### Data for this task
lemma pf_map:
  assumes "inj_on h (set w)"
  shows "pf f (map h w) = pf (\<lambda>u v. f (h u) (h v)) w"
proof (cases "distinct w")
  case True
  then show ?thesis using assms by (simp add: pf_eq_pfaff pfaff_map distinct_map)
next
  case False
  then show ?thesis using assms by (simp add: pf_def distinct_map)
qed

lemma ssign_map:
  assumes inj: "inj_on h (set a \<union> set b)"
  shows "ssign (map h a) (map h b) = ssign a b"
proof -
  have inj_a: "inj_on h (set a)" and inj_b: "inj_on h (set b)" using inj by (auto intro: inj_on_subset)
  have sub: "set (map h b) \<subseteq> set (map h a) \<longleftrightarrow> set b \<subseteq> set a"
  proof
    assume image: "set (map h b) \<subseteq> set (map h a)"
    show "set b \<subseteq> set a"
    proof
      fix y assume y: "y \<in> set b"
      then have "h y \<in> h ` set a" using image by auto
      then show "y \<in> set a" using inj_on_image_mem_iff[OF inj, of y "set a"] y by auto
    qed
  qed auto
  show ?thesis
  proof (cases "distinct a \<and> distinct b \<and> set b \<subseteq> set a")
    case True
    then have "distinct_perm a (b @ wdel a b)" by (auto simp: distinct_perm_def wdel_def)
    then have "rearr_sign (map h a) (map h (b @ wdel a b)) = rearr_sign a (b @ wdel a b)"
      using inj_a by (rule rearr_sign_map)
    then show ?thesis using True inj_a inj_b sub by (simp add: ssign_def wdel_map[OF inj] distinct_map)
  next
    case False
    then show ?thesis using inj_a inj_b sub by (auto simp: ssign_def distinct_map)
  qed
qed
######
### Data for this task
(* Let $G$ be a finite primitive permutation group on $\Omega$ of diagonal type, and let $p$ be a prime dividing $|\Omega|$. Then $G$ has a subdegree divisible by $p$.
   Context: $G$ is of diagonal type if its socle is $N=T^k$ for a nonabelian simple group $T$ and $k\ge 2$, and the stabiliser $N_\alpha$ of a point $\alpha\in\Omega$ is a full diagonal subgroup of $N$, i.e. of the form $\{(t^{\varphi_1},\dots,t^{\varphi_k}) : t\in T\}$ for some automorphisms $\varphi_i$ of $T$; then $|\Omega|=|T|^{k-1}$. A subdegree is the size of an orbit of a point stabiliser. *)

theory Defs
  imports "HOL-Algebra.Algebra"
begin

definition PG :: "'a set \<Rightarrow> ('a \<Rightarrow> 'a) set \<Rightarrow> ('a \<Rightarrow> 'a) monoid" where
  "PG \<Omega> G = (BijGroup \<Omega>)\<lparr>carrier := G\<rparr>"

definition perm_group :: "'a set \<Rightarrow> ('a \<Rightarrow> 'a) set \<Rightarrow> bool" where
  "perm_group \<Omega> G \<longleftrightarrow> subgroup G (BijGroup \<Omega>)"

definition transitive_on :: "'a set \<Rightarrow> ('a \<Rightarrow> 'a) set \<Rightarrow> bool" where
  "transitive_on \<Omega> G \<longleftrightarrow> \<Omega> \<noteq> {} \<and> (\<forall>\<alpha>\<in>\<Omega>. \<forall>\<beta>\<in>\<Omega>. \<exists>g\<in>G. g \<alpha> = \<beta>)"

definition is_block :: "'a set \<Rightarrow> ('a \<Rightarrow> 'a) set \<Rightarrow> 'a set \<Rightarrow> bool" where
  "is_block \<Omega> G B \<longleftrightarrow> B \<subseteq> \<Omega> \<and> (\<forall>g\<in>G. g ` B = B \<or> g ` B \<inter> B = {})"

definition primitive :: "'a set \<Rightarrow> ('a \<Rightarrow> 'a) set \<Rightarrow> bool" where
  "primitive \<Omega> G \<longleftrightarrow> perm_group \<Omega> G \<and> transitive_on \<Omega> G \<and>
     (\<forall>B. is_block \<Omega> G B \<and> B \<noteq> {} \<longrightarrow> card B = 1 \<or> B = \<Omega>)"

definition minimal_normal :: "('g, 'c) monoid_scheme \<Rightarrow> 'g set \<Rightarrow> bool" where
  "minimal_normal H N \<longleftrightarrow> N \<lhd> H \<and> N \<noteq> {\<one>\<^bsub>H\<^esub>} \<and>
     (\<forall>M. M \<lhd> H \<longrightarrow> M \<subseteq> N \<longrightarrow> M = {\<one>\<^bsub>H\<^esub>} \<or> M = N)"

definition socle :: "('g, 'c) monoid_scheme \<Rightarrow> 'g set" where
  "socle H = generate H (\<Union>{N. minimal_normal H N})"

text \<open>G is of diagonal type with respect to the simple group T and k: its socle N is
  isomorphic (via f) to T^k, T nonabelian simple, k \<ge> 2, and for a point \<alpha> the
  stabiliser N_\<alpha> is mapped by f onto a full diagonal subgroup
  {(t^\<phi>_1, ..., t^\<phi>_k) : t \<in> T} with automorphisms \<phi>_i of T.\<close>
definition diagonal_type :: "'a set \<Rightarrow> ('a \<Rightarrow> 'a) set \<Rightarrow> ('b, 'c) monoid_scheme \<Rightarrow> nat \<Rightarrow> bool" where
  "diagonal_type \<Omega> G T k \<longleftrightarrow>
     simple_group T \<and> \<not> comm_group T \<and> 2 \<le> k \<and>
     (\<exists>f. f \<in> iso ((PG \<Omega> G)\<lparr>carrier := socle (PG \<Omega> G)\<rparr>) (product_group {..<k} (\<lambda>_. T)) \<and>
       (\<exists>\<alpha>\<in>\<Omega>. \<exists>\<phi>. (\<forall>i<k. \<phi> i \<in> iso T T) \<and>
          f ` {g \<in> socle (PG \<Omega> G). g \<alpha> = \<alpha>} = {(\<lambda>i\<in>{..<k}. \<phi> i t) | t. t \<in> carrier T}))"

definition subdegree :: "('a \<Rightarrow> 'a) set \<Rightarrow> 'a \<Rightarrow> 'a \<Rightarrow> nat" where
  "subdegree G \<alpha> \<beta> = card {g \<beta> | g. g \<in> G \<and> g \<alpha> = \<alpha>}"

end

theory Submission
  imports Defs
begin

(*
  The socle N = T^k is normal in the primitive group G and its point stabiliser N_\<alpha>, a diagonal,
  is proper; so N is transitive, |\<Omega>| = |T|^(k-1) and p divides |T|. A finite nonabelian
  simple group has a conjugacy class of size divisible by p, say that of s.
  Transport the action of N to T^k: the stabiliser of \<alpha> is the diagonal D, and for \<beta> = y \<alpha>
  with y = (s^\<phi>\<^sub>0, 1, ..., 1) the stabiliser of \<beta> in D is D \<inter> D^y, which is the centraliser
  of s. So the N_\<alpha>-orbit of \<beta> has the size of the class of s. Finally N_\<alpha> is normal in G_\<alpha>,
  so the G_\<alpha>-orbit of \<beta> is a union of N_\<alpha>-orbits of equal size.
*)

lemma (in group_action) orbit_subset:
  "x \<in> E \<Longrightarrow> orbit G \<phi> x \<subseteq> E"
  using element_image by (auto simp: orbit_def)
######
• [Exercise details]: The exact lines of the material above starting at the one that contains "G B \<longleftrightarrow>" and ending at the one that contains "monoid_scheme \<Rightarrow> 'g set \<Rightarrow>" are what to retype; leave out everything else.

• [Response]:
  "is_block \<Omega> G B \<longleftrightarrow> B \<subseteq> \<Omega> \<and> (\<forall>g\<in>G. g ` B = B \<or> g ` B \<inter> B = {})"

definition primitive :: "'a set \<Rightarrow> ('a \<Rightarrow> 'a) set \<Rightarrow> bool" where
  "primitive \<Omega> G \<longleftrightarrow> perm_group \<Omega> G \<and> transitive_on \<Omega> G \<and>
     (\<forall>B. is_block \<Omega> G B \<and> B \<noteq> {} \<longrightarrow> card B = 1 \<or> B = \<Omega>)"

definition minimal_normal :: "('g, 'c) monoid_scheme \<Rightarrow> 'g set \<Rightarrow> bool" where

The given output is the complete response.